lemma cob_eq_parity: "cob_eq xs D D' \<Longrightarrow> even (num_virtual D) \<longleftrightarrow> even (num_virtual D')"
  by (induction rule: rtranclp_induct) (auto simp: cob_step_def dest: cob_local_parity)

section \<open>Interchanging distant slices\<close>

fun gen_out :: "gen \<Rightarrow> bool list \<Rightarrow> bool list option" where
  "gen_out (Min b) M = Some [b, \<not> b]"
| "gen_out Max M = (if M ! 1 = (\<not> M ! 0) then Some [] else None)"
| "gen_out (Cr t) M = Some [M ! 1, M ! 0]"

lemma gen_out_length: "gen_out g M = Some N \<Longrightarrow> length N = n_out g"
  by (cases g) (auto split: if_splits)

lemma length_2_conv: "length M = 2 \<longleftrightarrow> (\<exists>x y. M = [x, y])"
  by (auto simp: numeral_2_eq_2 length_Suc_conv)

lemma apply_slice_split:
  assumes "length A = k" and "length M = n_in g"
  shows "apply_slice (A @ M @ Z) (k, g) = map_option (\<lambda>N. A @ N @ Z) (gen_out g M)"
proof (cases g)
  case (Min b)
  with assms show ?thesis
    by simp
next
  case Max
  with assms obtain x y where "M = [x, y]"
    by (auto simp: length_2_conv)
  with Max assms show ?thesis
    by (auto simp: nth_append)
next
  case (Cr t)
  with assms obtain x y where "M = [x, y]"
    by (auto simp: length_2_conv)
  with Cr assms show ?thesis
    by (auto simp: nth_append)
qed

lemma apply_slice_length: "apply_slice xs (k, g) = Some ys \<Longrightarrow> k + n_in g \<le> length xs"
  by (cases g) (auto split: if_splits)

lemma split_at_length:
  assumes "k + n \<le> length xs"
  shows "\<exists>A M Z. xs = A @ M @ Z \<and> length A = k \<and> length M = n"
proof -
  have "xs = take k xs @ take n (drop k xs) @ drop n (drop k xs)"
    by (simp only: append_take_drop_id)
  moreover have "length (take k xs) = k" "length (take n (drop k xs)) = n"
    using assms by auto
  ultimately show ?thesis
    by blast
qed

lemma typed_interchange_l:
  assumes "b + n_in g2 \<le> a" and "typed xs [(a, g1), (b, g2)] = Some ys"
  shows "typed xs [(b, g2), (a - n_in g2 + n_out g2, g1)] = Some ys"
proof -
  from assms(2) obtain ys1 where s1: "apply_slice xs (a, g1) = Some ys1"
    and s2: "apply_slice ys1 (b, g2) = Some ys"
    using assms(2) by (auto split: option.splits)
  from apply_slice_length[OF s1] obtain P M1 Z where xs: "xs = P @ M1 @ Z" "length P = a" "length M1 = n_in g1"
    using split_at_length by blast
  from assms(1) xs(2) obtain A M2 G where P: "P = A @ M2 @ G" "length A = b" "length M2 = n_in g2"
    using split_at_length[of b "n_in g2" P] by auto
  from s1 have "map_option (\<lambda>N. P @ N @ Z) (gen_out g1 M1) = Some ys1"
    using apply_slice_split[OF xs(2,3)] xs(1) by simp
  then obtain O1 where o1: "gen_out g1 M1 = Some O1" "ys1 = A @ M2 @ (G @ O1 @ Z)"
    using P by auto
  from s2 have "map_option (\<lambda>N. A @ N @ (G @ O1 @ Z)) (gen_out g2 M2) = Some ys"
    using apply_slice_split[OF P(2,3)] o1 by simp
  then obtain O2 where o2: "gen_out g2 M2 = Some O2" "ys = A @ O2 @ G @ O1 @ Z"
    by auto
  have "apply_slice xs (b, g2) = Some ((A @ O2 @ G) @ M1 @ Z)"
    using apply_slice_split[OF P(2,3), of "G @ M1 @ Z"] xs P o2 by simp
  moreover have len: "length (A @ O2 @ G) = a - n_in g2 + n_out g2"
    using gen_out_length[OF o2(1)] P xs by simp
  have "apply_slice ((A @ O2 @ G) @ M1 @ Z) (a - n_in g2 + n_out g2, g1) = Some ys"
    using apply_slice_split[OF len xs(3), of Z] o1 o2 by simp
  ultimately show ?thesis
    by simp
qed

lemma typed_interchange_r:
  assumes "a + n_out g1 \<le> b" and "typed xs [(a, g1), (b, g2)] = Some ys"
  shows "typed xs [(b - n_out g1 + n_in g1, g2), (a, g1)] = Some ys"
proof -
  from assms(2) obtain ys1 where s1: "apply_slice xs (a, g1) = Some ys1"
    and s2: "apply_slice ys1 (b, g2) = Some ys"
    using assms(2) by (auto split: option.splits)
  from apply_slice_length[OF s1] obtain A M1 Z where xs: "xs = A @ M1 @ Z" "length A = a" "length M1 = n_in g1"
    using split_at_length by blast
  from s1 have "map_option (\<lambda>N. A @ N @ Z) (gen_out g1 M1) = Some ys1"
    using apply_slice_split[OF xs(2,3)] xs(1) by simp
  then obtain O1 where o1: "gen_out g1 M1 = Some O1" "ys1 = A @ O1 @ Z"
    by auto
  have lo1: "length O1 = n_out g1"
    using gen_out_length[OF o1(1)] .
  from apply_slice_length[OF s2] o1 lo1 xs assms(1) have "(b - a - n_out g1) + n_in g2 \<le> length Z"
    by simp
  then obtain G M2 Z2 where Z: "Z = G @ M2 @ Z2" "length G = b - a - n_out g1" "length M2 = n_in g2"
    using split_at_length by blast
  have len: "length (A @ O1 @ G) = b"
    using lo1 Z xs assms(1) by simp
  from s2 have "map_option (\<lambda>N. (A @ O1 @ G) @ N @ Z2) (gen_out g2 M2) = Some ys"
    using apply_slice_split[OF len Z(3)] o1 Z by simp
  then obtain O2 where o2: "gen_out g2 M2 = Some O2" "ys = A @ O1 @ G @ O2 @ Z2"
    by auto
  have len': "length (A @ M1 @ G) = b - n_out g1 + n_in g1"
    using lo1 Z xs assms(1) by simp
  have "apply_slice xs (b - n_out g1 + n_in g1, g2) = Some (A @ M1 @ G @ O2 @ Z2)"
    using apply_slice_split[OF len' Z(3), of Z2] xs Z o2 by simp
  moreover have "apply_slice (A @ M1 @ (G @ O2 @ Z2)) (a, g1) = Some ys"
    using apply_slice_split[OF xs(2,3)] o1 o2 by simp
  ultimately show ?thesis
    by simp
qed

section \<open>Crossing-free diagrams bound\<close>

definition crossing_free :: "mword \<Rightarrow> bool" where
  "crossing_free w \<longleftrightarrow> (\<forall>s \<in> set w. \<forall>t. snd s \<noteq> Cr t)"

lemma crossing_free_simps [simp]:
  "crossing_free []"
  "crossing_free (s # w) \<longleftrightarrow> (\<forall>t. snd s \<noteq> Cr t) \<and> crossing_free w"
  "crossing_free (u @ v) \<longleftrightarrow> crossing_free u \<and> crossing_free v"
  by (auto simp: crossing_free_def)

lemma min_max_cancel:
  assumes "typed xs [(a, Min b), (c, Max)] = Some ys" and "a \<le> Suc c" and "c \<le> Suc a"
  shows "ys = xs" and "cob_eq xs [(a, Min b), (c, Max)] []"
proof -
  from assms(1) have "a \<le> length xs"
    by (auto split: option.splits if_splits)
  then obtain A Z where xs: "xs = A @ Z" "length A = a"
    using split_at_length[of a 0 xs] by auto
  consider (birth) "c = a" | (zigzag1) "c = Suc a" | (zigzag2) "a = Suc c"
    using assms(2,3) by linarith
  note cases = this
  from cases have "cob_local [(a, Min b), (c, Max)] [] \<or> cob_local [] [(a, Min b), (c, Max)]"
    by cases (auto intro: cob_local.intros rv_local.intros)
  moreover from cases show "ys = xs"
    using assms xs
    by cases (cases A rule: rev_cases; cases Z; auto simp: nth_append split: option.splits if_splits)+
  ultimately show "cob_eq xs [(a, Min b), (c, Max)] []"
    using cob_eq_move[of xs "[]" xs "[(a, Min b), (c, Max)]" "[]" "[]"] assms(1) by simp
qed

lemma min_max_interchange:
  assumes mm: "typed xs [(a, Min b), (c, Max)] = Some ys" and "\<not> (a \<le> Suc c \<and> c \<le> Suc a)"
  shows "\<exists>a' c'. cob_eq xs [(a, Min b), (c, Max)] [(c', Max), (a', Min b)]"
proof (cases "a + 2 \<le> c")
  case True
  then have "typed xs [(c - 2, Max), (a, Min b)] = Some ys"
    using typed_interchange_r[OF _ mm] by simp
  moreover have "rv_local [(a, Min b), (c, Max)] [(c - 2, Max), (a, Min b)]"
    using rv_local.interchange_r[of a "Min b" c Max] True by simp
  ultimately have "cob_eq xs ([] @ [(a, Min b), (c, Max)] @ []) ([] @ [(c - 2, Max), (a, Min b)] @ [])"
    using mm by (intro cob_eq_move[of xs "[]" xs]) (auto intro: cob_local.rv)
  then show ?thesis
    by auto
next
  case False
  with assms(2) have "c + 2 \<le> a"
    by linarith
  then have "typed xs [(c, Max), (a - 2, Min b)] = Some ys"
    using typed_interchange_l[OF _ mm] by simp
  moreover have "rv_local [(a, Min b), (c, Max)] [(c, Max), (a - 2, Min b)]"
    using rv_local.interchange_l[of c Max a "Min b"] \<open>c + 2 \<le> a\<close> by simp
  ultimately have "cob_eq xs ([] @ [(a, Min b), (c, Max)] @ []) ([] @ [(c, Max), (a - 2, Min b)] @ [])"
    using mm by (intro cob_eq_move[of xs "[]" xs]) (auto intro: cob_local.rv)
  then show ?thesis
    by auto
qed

**********

__Task prompt__
Nothing beyond the lines from the start of the entries through the line with "0) then Some" should appear. Repeat those lines exactly, both ends included.

__Exercise answer__
lemma cob_eq_parity: "cob_eq xs D D' \<Longrightarrow> even (num_virtual D) \<longleftrightarrow> even (num_virtual D')"
  by (induction rule: rtranclp_induct) (auto simp: cob_step_def dest: cob_local_parity)

section \<open>Interchanging distant slices\<close>

fun gen_out :: "gen \<Rightarrow> bool list \<Rightarrow> bool list option" where
  "gen_out (Min b) M = Some [b, \<not> b]"
| "gen_out Max M = (if M ! 1 = (\<not> M ! 0) then Some [] else None)"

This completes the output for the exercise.